◆ **What is required**:
In the records below, tally every line containing "qmult". Report only the total.

◆ **Dataset extract**:
(* Let $A,B$ be quantum systems of dimensions $m_A,m_B$ and $\psi_{AB}$ a bipartite state with $\psi_A=\mathrm{id}_{m_A}/m_A$ and $\psi_B=\mathrm{id}_{m_B}/m_B$, and let $\mathcal{T}:\mathcal{M}(B)\to\mathcal{M}(A)$ be its Markov super-operator. For any $Q\in\mathcal{M}(B)$, the maximum $$\max\{|\mathrm{Tr}((P^\dagger\otimes Q)\psi_{AB})|: P\in\mathcal{M}(A),\ \|P\|'_2=1\}$$ equals $\|\mathcal{T}(Q)\|'_2$, and (when $\mathcal{T}(Q)\ne0$) it is achieved by $P^*=\mathcal{T}(Q)/\|\mathcal{T}(Q)\|'_2$. Consequently $$\rho(\psi_{AB})=\max\{\|\mathcal{T}(Q)\|'_2: Q\in\mathcal{M}(B),\ \mathrm{Tr}Q=0,\ \|Q\|'_2=1\}.$$ Moreover, the supremum defining $\rho(\psi_{AB})$ is achieved by a pair of Hermitian operators $(P,Q)$.
   Context: $\mathcal{M}(A)$ is the space of linear operators on $A\cong\mathbb{C}^{m_A}$, with inner product $\langle X,Y\rangle=\frac1{m_A}\mathrm{Tr}X^\dagger Y$ and normalized 2-norm $\|X\|'_2=\langle X,X\rangle^{1/2}$ (similarly on $B$ with $1/m_B$). The Markov super-operator $\mathcal{T}:\mathcal{M}(B)\to\mathcal{M}(A)$ is defined by $\mathrm{Tr}((M^\dagger\otimes Q)\psi_{AB})=\langle M,\mathcal{T}(Q)\rangle$ for all $M\in\mathcal{M}(A)$, $Q\in\mathcal{M}(B)$ (equivalently $\mathcal{T}(Q)=m_A\mathrm{Tr}_B((\mathrm{id}\otimes Q)\psi_{AB})$). The maximal correlation is $\rho(\psi_{AB})=\sup\{|\mathrm{Tr}((P^\dagger\otimes Q)\psi_{AB})|: P\in\mathcal{M}(A),Q\in\mathcal{M}(B),\ \mathrm{Tr}P=\mathrm{Tr}Q=0,\ \|P\|'_2=\|Q\|'_2=1\}$. *)

theory Defs
  imports Complex_Main "HOL-Library.Cardinality"
begin

text \<open>Linear operators on a finite-dimensional system with basis indexed by the
finite type 'a (so the dimension is CARD('a)) are represented by their
matrices, i.e. functions 'a => 'a => complex.  A bipartite system A tensor B
has basis indexed by 'a \<times> 'b.\<close>

type_synonym 'a qop = "'a \<Rightarrow> 'a \<Rightarrow> complex"

definition qadj :: "'a qop \<Rightarrow> 'a qop" where
  "qadj X = (\<lambda>i k. cnj (X k i))"

definition qmult :: "('a::finite) qop \<Rightarrow> 'a qop \<Rightarrow> 'a qop" where
  "qmult X Y = (\<lambda>i k. \<Sum>j\<in>UNIV. X i j * Y j k)"

definition qtr :: "('a::finite) qop \<Rightarrow> complex" where
  "qtr X = (\<Sum>i\<in>UNIV. X i i)"

definition qid :: "'a qop" where
  "qid = (\<lambda>i k. if i = k then 1 else 0)"
lemma inverse_one_minus_fps:
  fixes c S U :: "'a :: field fps"
  assumes "S = U + c * S * U"
  shows "inverse (1 - c * U) = 1 + c * S"
proof (rule fps_inverse_unique)
  have "(1 - c * U) * (1 + c * S) = 1 + c * (S - (U + c * S * U))"
    by (simp add: algebra_simps)
  then show "(1 - c * U) * (1 + c * S) = 1"
    using assms by simp
qed

locale rank_one_update =
  fixes n :: nat and B :: "complex mat" and x :: complex
  assumes B_carrier [simp]: "B \<in> carrier_mat n n"
begin

abbreviation A :: "complex mat" where
  "A \<equiv> x \<cdot>\<^sub>m J_mat n + B"

lemma A_carrier [simp]: "A \<in> carrier_mat n n"
  by simp

lemma A_eq_B_plus: "A = B + x \<cdot>\<^sub>m J_mat n"
  by (rule comm_add_mat[of _ n n]) simp_all

lemma B_eq_A_plus: "B = A + (- x) \<cdot>\<^sub>m J_mat n"
  using carrier_matD[OF B_carrier] by (intro eq_matI) (auto simp: J_mat_def)

lemma sum_mat_pow_mult_pow:
  "sum_mat (B ^\<^sub>m j * A ^\<^sub>m k) =
     sum_mat (B ^\<^sub>m (j + k)) + x * (\<Sum>i<k. sum_mat (B ^\<^sub>m (j + k - Suc i)) * sum_mat (A ^\<^sub>m i))"
proof -
  have "sum_mat (B ^\<^sub>m j * A ^\<^sub>m k) = sum_mat (B ^\<^sub>m j * B ^\<^sub>m k) +
      (\<Sum>i<k. sum_mat (B ^\<^sub>m j * (B ^\<^sub>m (k - Suc i) * (x \<cdot>\<^sub>m J_mat n) * A ^\<^sub>m i)))"
    by (rule additive_pow_mat_perturbation[OF B_carrier _ A_eq_B_plus])
      (simp_all add: mult_add_distrib_mat[of _ n n] sum_mat_add[of _ n n] mult_carrier_mat[of _ n n _ n])
  also have "\<dots> = sum_mat (B ^\<^sub>m (j + k)) +
      (\<Sum>i<k. x * (sum_mat (B ^\<^sub>m (j + k - Suc i)) * sum_mat (A ^\<^sub>m i)))"
  proof -
    have "B ^\<^sub>m j * (B ^\<^sub>m (k - Suc i) * (x \<cdot>\<^sub>m J_mat n) * A ^\<^sub>m i) =
        x \<cdot>\<^sub>m (B ^\<^sub>m (j + k - Suc i) * J_mat n * A ^\<^sub>m i)" if "i < k" for i
    proof -
      have "j + k - Suc i = j + (k - Suc i)"
        using that by simp
      then show ?thesis
        by (simp add: pow_mat_add[OF B_carrier] assoc_mult_mat[of _ n n _ n _ n]
            mult_smult_distrib[of _ n n _ n] mult_smult_assoc_mat[of _ n n _ n]
            mult_carrier_mat[of _ n n _ n] del: pow_mat.simps(2))
    qed
    then show ?thesis
      by (simp add: pow_mat_add[OF B_carrier] sum_mat_smult sum_mat_mult_J_mult[of _ n n _ n]
          del: pow_mat.simps(2))
  qed
  finally show ?thesis
    by (simp add: sum_distrib_left)
qed

(* Expanding B = A + (-x) J rather than A = B + x J keeps the powers of B on the left of the mixed
   products, which is the form sum_mat_pow_mult_pow evaluates. *)
lemma mat_trace_pow:
  "mat_trace (A ^\<^sub>m m) =
     mat_trace (B ^\<^sub>m m) + x * (\<Sum>i<m. sum_mat (B ^\<^sub>m i * A ^\<^sub>m (m - Suc i)))"
proof -
  have "mat_trace (B ^\<^sub>m m) = mat_trace (A ^\<^sub>m m) +
      (\<Sum>i<m. mat_trace (A ^\<^sub>m (m - Suc i) * ((- x) \<cdot>\<^sub>m J_mat n) * B ^\<^sub>m i))"
    by (rule additive_pow_mat_perturbation[OF A_carrier _ B_eq_A_plus]) (simp_all add: mat_trace_add[of _ n])
  also have "(\<Sum>i<m. mat_trace (A ^\<^sub>m (m - Suc i) * ((- x) \<cdot>\<^sub>m J_mat n) * B ^\<^sub>m i)) =
      - x * (\<Sum>i<m. sum_mat (B ^\<^sub>m i * A ^\<^sub>m (m - Suc i)))"
    by (simp add: mult_smult_distrib[of _ n n _ n] mult_smult_assoc_mat[of _ n n _ n]
        mat_trace_smult[of _ n] mat_trace_mult_J_mult[of _ n n] mult_carrier_mat[of _ n n _ n]
        sum_distrib_left del: pow_mat.simps(2))
  finally show ?thesis
    by simp
qed

lemma sum_mat_pow_fps_perturbed:
  "sum_mat_pow_fps A = sum_mat_pow_fps B + fps_const x * fps_X * sum_mat_pow_fps A * sum_mat_pow_fps B"
proof (rule fps_ext)
  fix m
  show "fps_nth (sum_mat_pow_fps A) m =
      fps_nth (sum_mat_pow_fps B + fps_const x * fps_X * sum_mat_pow_fps A * sum_mat_pow_fps B) m"
  proof (cases m)
    case 0
    then show ?thesis
      by (simp add: sum_mat_pow_fps_def)
  next
    case (Suc p)
    have "sum_mat (A ^\<^sub>m m) =
        sum_mat (B ^\<^sub>m m) + x * (\<Sum>i\<le>p. sum_mat (A ^\<^sub>m i) * sum_mat (B ^\<^sub>m (p - i)))"
      using sum_mat_pow_mult_pow[of 0 m] Suc by (simp add: lessThan_Suc_atMost mult.commute)
    moreover have "fps_nth (fps_const x * fps_X * sum_mat_pow_fps A * sum_mat_pow_fps B) (Suc p) =
        x * fps_nth (sum_mat_pow_fps A * sum_mat_pow_fps B) p"
      unfolding mult.assoc[of "fps_const x * fps_X"] by (rule fps_nth_const_X_mult_Suc)
    ultimately show ?thesis
      using Suc by (simp add: sum_mat_pow_fps_def fps_mult_nth atLeast0AtMost del: pow_mat.simps(2))
  qed
qed

definition sum_mat_pow_mult_pow_fps :: "complex fps" where
  "sum_mat_pow_mult_pow_fps = Abs_fps (\<lambda>p. \<Sum>i\<le>p. sum_mat (B ^\<^sub>m i * A ^\<^sub>m (p - i)))"
lemma horizontal_edge_crossing_cases:
  assumes "is_cycle k vs" "j < k"
    and cross: "(xmid (vs j) < x) \<noteq> (xmid (vs (next_mod k j)) < x)"
  obtains "l (vs j) < x" "x < r (vs j)"
    | "l (vs (next_mod k j)) < x" "x < r (vs (next_mod k j))"
    | "r (vs j) = x" "l (vs (next_mod k j)) = x"
    | "r (vs (next_mod k j)) = x" "l (vs j) = x"
proof -
  define u v where "u = vs j" and "v = vs (next_mod k j)"
  note cases = that[folded u_def v_def]
  have "u \<in> V" "v \<in> V" "u \<noteq> v" "E u v"
    using is_cycleD[OF assms(1,2)] unfolding u_def v_def by auto
  then have contact: "r u = l v \<or> r v = l u"
    and mid: "l u < xmid u" "xmid u < r u" "l v < xmid v" "xmid v < r v"
    using adj_contact xmid_bounds by blast+
  have cross': "(xmid u < x) \<noteq> (xmid v < x)"
    using cross unfolding u_def v_def .
  from contact show ?thesis
  proof
    assume uv: "r u = l v"
    with cross' mid have x: "xmid u < x" "x \<le> xmid v"
      by auto
    consider "x < r u" | "x = r u" | "r u < x"
      by linarith
    then show ?thesis
    proof cases
      case 1
      then show ?thesis using x mid by (intro cases(1)) linarith+
    next
      case 2
      then show ?thesis using uv by (intro cases(3)) simp_all
    next
      case 3
      then show ?thesis using x mid uv by (intro cases(2)) linarith+
    qed
  next
    assume vu: "r v = l u"
    with cross' mid have x: "xmid v < x" "x \<le> xmid u"
      by auto
    consider "x < r v" | "x = r v" | "r v < x"
      by linarith
    then show ?thesis
    proof cases
      case 1
      then show ?thesis using x mid by (intro cases(2)) linarith+
    next
      case 2
      then show ?thesis using vu by (intro cases(4)) simp_all
    next
      case 3
      then show ?thesis using x mid vu by (intro cases(1)) linarith+
    qed
  qed
qed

◆ **Written answer**:
2